Assume that we have servers like below:
Level 1: Internet - Apache 2.2 HTTP server + mod_proxy_balancer (www.mydomain.com)
Level 2: Intranet - Oracle WebLogic Managed server 1 (clustered) (intradomain1.com - 10.10.10.133)
Level 2: Intranet - Oracle WebLogic Managed server 2 (clustered) (intradomain2.com - 10.10.10.134)
httpd.conf:
....
#Switching off facilities of forwarding proxy server
ProxyRequests Off
#Actual balancing settings with two members of balancer group. Balancer is accessed by balancer://lb link.
#ProxySet lbmethod sets balancer load-balance method as byrequest to perform weighted request counting.
#loadfactor is normalized weighted load applied to the worker. I set it to 50/50 to equal balancing between nodes.
#route is a value appended to session id. Usually used with inside balancers, for instance, when we need to used predefined requests direction using subsequent balancers.
<Proxy>
BalancerMember http://10.10.10.133:7003 loadfactor=50 route=r1
BalancerMember http://10.10.10.134:7003 loadfactor=50 route=r2
ProxySet lbmethod=byrequest
</Proxy>
#Allow everyone to access any proxied content
<Proxy *>
Order deny,allow
Allow from all
</Proxy>
#Every request to http://www.mydomain.com/analytics goes through Apache balancer to pass into intranet Weblogic application servers.
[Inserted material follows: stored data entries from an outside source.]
(* Over all 3-periodics of $\mathcal{E}$, the triangle center $X_{100}^\dagger$ of the focus-inversive triangle moves on the circle with center and radius \[C_{100}^\dagger=\left(-c\left(1+\frac{\rho^2}{b^2}\right),0\right),\qquad R_{100}^\dagger=\rho^2\,\frac{a}{b^2}.\]
   Context: Let $a>b>0$ and let $\mathcal{E}$ be the ellipse $x^2/a^2+y^2/b^2=1$. Set $c=\sqrt{a^2-b^2}$, and let the foci be $f_1=(-c,0)$, $f_2=(c,0)$. A 3-periodic is a triangle $P_1P_2P_3$ with vertices on $\mathcal{E}$ such that at each vertex the normal to $\mathcal{E}$ bisects the angle formed by the two sides meeting at that vertex; these form a one-parameter family (one through every point of $\mathcal{E}$). Fix $\rho>0$; the focus-inversive triangle has vertices $P_i^\dagger=f_1+(\rho/d_{1,i})^2(P_i-f_1)$, $d_{1,i}=|P_i-f_1|$. $X_{100}$ is Kimberling's center $X_{100}$: the anticomplement of the Feuerbach point (the point of the circumcircle with barycentrics $a_s/(b_s-c_s):b_s/(c_s-a_s):c_s/(a_s-b_s)$, where $a_s,b_s,c_s$ are the side lengths). *)

theory Defs
  imports Complex_Main
begin

text \<open>Points of the plane are represented as complex numbers x + i y.\<close>

definition on_ellipse :: "real \<Rightarrow> real \<Rightarrow> complex \<Rightarrow> bool" where
  "on_ellipse a b z \<longleftrightarrow> (Re z)^2 / a^2 + (Im z)^2 / b^2 = 1"

text \<open>Normal vector to the ellipse at z (gradient of the defining function, up to factor 2).\<close>
definition ellipse_normal :: "real \<Rightarrow> real \<Rightarrow> complex \<Rightarrow> complex" where
  "ellipse_normal a b z = Complex (Re z / a^2) (Im z / b^2)"

definition unit_dir :: "complex \<Rightarrow> complex \<Rightarrow> complex" where
  "unit_dir P Q = (Q - P) / of_real (cmod (Q - P))"

text \<open>At vertex P with neighbours A and B, the normal line to the ellipse at P is the
  bisector of angle APB: the internal bisector direction (sum of the unit vectors along
  the two sides) is parallel to the normal.\<close>
definition normal_bisects :: "real \<Rightarrow> real \<Rightarrow> complex \<Rightarrow> complex \<Rightarrow> complex \<Rightarrow> bool" where
  "normal_bisects a b P A B \<longleftrightarrow>
     Im (cnj (unit_dir P A + unit_dir P B) * ellipse_normal a b P) = 0"

definition three_periodic :: "real \<Rightarrow> real \<Rightarrow> complex \<Rightarrow> complex \<Rightarrow> complex \<Rightarrow> bool" where
  "three_periodic a b P1 P2 P3 \<longleftrightarrow>
     P1 \<noteq> P2 \<and> P2 \<noteq> P3 \<and> P1 \<noteq> P3 \<and>
     on_ellipse a b P1 \<and> on_ellipse a b P2 \<and> on_ellipse a b P3 \<and>
     normal_bisects a b P1 P2 P3 \<and> normal_bisects a b P2 P3 P1 \<and>
     normal_bisects a b P3 P1 P2"

definition inversion :: "complex \<Rightarrow> real \<Rightarrow> complex \<Rightarrow> complex" where
  "inversion f \<rho> P = f + of_real ((\<rho> / cmod (P - f))^2) * (P - f)"

definition from_barycentrics :: "complex \<Rightarrow> complex \<Rightarrow> complex \<Rightarrow> real \<Rightarrow> real \<Rightarrow> real \<Rightarrow> complex" where
  "from_barycentrics A B C w1 w2 w3 =
     (of_real w1 * A + of_real w2 * B + of_real w3 * C) / of_real (w1 + w2 + w3)"

text \<open>Kimberling's X(100): barycentrics a/(b-c) : b/(c-a) : c/(a-b), a,b,c the side lengths.\<close>
definition X100 :: "complex \<Rightarrow> complex \<Rightarrow> complex \<Rightarrow> complex" where
  "X100 A B C =
    (let sa = cmod (B - C); sb = cmod (C - A); sc = cmod (A - B)
     in from_barycentrics A B C (sa / (sb - sc)) (sb / (sc - sa)) (sc / (sa - sb)))"

end

(*
  Seen from the focus f1 = -c, a point P of the ellipse is P + c = d z with |z| = 1 and
  d (a - c Re z) = b^2 (the focal polar equation), so the inversion about f1 sends it to
  C + R limacon (c/a) z, where C and R are the claimed centre and radius.

  The bisector condition at a vertex P with neighbours A, B says that
  D(P,A) / |A - P| = D(P,B) / |B - P|, where D(P,A) = |P - f1| |A - f1| - <P - f1, A - f1>
  is the angle defect. Hence D(P_i,P_j) = r |P_i - P_j| for a single r, and since
  D(P_i,P_j) = d_i d_j |z_i - z_j|^2 / 2 the inverted triangle has sides proportional to
  |z_i - z_j|^2. On the unit circle this proportionality is a polynomial relation between
  z_i and z_j; comparing the three relations shows that z_1 + z_2 + z_3 is real. Written in
  the z_i, the barycentrics of X100 are rational functions, and the reality of z_1 + z_2 + z_3
  is exactly what makes their weighted mean equal to C + R z_1 z_2 z_3, at distance R from C.
*)
theory Submission
  imports Defs
begin

definition angle_defect :: "complex \<Rightarrow> complex \<Rightarrow> real" where
  "angle_defect u v = cmod u * cmod v - Re (cnj u * v)"

lemma angle_defect_commute: "angle_defect u v = angle_defect v u"
  unfolding angle_defect_def by (simp add: algebra_simps)

lemma angle_defect_sgn: "angle_defect u v = cmod u * cmod v * (cmod (sgn u - sgn v))^2 / 2"
proof (cases "u = 0 \<or> v = 0")
  case True
  then show ?thesis by (auto simp: angle_defect_def)
next
  case False
  have unit: "(Re (sgn w))^2 + (Im (sgn w))^2 = 1" if "w \<noteq> 0" for w
    using that norm_sgn[of w] by (simp add: cmod_def)
  define t where "t = Re (cnj (sgn u) * sgn v)"
  have "(cmod (sgn u - sgn v))^2 = 2 - 2 * t"
    using unit[of u] unit[of v] False by (simp add: t_def cmod_power2 power2_diff algebra_simps)
  moreover have "Re (cnj u * v) = cmod u * cmod v * t"
    using False by (simp add: t_def sgn_eq)
  ultimately show ?thesis
    unfolding angle_defect_def by (simp only:) (simp add: algebra_simps)
qed

lemma cnj_unit: "cmod z = 1 \<Longrightarrow> cnj z = inverse z"
  by (metis complex_norm_square inverse_unique of_real_1 one_power2)

lemma norm_diff_unit_square:
  assumes "cmod z = 1" "cmod w = 1"
  shows "of_real ((cmod (z - w))^2) = - ((z - w)^2) / (z * w)"
proof -
  have "z \<noteq> 0" "w \<noteq> 0"
    using assms by auto
  then show ?thesis
    unfolding complex_norm_square using assms by (simp add: cnj_unit field_simps power2_eq_square)
qed

lemma ellipse_normal_chord:
  assumes "on_ellipse a b P" "on_ellipse a b A"
  shows "Re (cnj (ellipse_normal a b P) * (A - P))
           = - ((Re A - Re P)^2 / a^2 + (Im A - Im P)^2 / b^2) / 2"
  using assms unfolding on_ellipse_def ellipse_normal_def
  by (simp add: power2_diff diff_divide_distrib add_divide_distrib power2_eq_square algebra_simps)

lemma bisector_equal_projections:
  fixes U V N :: complex
  assumes "cmod U = 1" "cmod V = 1" and parallel: "Im (cnj (U + V) * N) = 0"
    and "Re (cnj N * U) + Re (cnj N * V) \<noteq> 0"
  shows "Re (cnj N * U) = Re (cnj N * V)"
proof -
  have "(Re U)^2 + (Im U)^2 = (Re V)^2 + (Im V)^2"
    using assms(1,2) by (simp add: cmod_def)
  moreover have "(Re U + Re V) * Im N = (Im U + Im V) * Re N"
    using parallel by (simp add: algebra_simps)
  \<comment> \<open>\<open>U - V\<close> is orthogonal to \<open>U + V\<close>, which is parallel to \<open>N\<close> unless it vanishes\<close>
  ultimately have "((Re U - Re V) * Re N + (Im U - Im V) * Im N)
      * ((Re U + Re V) * Re N + (Im U + Im V) * Im N) = 0"
    by algebra
  moreover have "(Re U + Re V) * Re N + (Im U + Im V) * Im N \<noteq> 0"
    using assms(4) by (simp add: algebra_simps)
  ultimately have "(Re U - Re V) * Re N + (Im U - Im V) * Im N = 0"
    by simp
  then show ?thesis
    by (simp add: algebra_simps)
qed

lemma norm_inversion_diff:
  assumes "P \<noteq> F" "Q \<noteq> F"
  shows "cmod (inversion F \<rho> P - inversion F \<rho> Q)
           = \<rho>^2 * cmod (P - Q) / (cmod (P - F) * cmod (Q - F))"
proof -
  define u v where "u = P - F" and "v = Q - F"
  have "u \<noteq> 0" "v \<noteq> 0"
    using assms by (auto simp: u_def v_def)
  have inverse_cnj: "w / of_real ((cmod w)^2) = inverse (cnj w)" if "w \<noteq> 0" for w
    using that unfolding complex_norm_square by (simp add: field_simps)
  have "inversion F \<rho> P - inversion F \<rho> Q
      = of_real (\<rho>^2) * (u / of_real ((cmod u)^2) - v / of_real ((cmod v)^2))"
    unfolding inversion_def u_def[symmetric] v_def[symmetric]
    using \<open>u \<noteq> 0\<close> \<open>v \<noteq> 0\<close> by (simp add: power_divide field_simps)
  also have "\<dots> = of_real (\<rho>^2) * cnj ((v - u) / (u * v))"
    unfolding inverse_cnj[OF \<open>u \<noteq> 0\<close>] inverse_cnj[OF \<open>v \<noteq> 0\<close>]
    using \<open>u \<noteq> 0\<close> \<open>v \<noteq> 0\<close> by (simp add: field_simps)
  finally have diff:
    "inversion F \<rho> P - inversion F \<rho> Q = of_real (\<rho>^2) * cnj ((v - u) / (u * v))" .
  show ?thesis
    unfolding diff norm_mult complex_mod_cnj norm_of_real
    by (simp add: norm_divide norm_mult u_def v_def norm_minus_commute)
qed

text \<open>For \<open>|z| = 1\<close> this traces a limacon of Pascal, the inverse of a conic in its focus.\<close>
definition limacon :: "real \<Rightarrow> complex \<Rightarrow> complex" where
  "limacon e z = of_real e + z - of_real e * (z^2 + 1) / 2"

locale ellipse_focus =
  fixes a b c :: real
  assumes a_pos: "0 < a" and b_pos: "0 < b" and c_nonneg: "0 \<le> c"
    and c_square: "c^2 = a^2 - b^2"
begin

lemma c_less_a: "c < a"
proof (rule power_less_imp_less_base)
  show "c^2 < a^2" using c_square b_pos by simp
qed (use a_pos in simp)

lemma focal_radius:
  assumes "on_ellipse a b P"
  shows "cmod (P + of_real c) = a + c / a * Re P" and "0 < a + c / a * Re P"
proof -
  have ell: "(Re P)^2 / a^2 + (Im P)^2 / b^2 = 1"
    using assms by (simp add: on_ellipse_def)
  moreover have "0 \<le> (Im P)^2 / b^2" by simp
  ultimately have "(Re P)^2 / a^2 \<le> 1"
    by linarith
  then have "(Re P)^2 \<le> a^2"
    using a_pos by (simp add: divide_le_eq_1)
  then have "- a \<le> Re P"
    using a_pos abs_le_square_iff[of "Re P" a] by simp
  then have "c / a * (- a) \<le> c / a * Re P"
    using a_pos c_nonneg by (intro mult_left_mono) auto
  then show pos: "0 < a + c / a * Re P"
    using c_less_a a_pos by simp
  have "a^2 * (Im P)^2 = a^2 * b^2 - b^2 * (Re P)^2"
    using ell a_pos b_pos by (simp add: field_simps)
  then have "a^2 * ((Re P + c)^2 + (Im P)^2) = (a^2 + c * Re P)^2"
    using c_square by algebra
  then have "(Re P + c)^2 + (Im P)^2 = (a + c / a * Re P)^2"
    using a_pos by (simp add: field_simps power2_eq_square)
  then show "cmod (P + of_real c) = a + c / a * Re P"
    using pos by (simp add: norm_complex_def)
qed

lemma focal_radius_pos: "on_ellipse a b P \<Longrightarrow> 0 < cmod (P + of_real c)"
  using focal_radius by simp

lemma norm_sgn_focal: "on_ellipse a b P \<Longrightarrow> cmod (sgn (P + of_real c)) = 1"
  using focal_radius_pos by (simp add: norm_sgn)

lemma focal_polar:
  assumes "on_ellipse a b P"
  shows "cmod (P + of_real c) * (a - c * Re (sgn (P + of_real c))) = b^2"
proof -
  define d z where "d = cmod (P + of_real c)" and "z = sgn (P + of_real c)"
  have dRe: "d * Re z = Re P + c"
    using focal_radius_pos[OF assms] by (simp add: d_def z_def)
  have "d * (a - c * Re z) = a * d - c * (d * Re z)"
    by (simp add: algebra_simps)
  also have "\<dots> = a * (a + c / a * Re P) - c * (Re P + c)"
    by (simp only: dRe) (simp only: focal_radius(1)[OF assms, folded d_def])
  also have "\<dots> = a^2 - c^2"
    using a_pos by (simp add: field_simps power2_eq_square)
  finally show ?thesis
    by (simp add: d_def z_def c_square)
qed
ProxyPass /analytics balancer://lb/analytics/
#Reverse intranet servers requests back
ProxyPassReverse / balancer://lb/analytics/
ProxyPassReverse / http://10.10.10.133/analytics/
ProxyPassReverse / http://10.10.10.134/analytics/
#Set location accessable by http://www.mydomain.com/lbm to see actual balancing state.
<Location>
SetHandler balancer-manager
</Location>
.
ProxyPass directive allows remote servers to be mapped into the space of the local server; the local server does not act as a proxy in the conventional sense, but appears to be a mirror of the remote server. The local server is often called a reverse proxy or gateway. The path is the name of a local virtual path; url is a partial URL for the remote server and cannot include a query string.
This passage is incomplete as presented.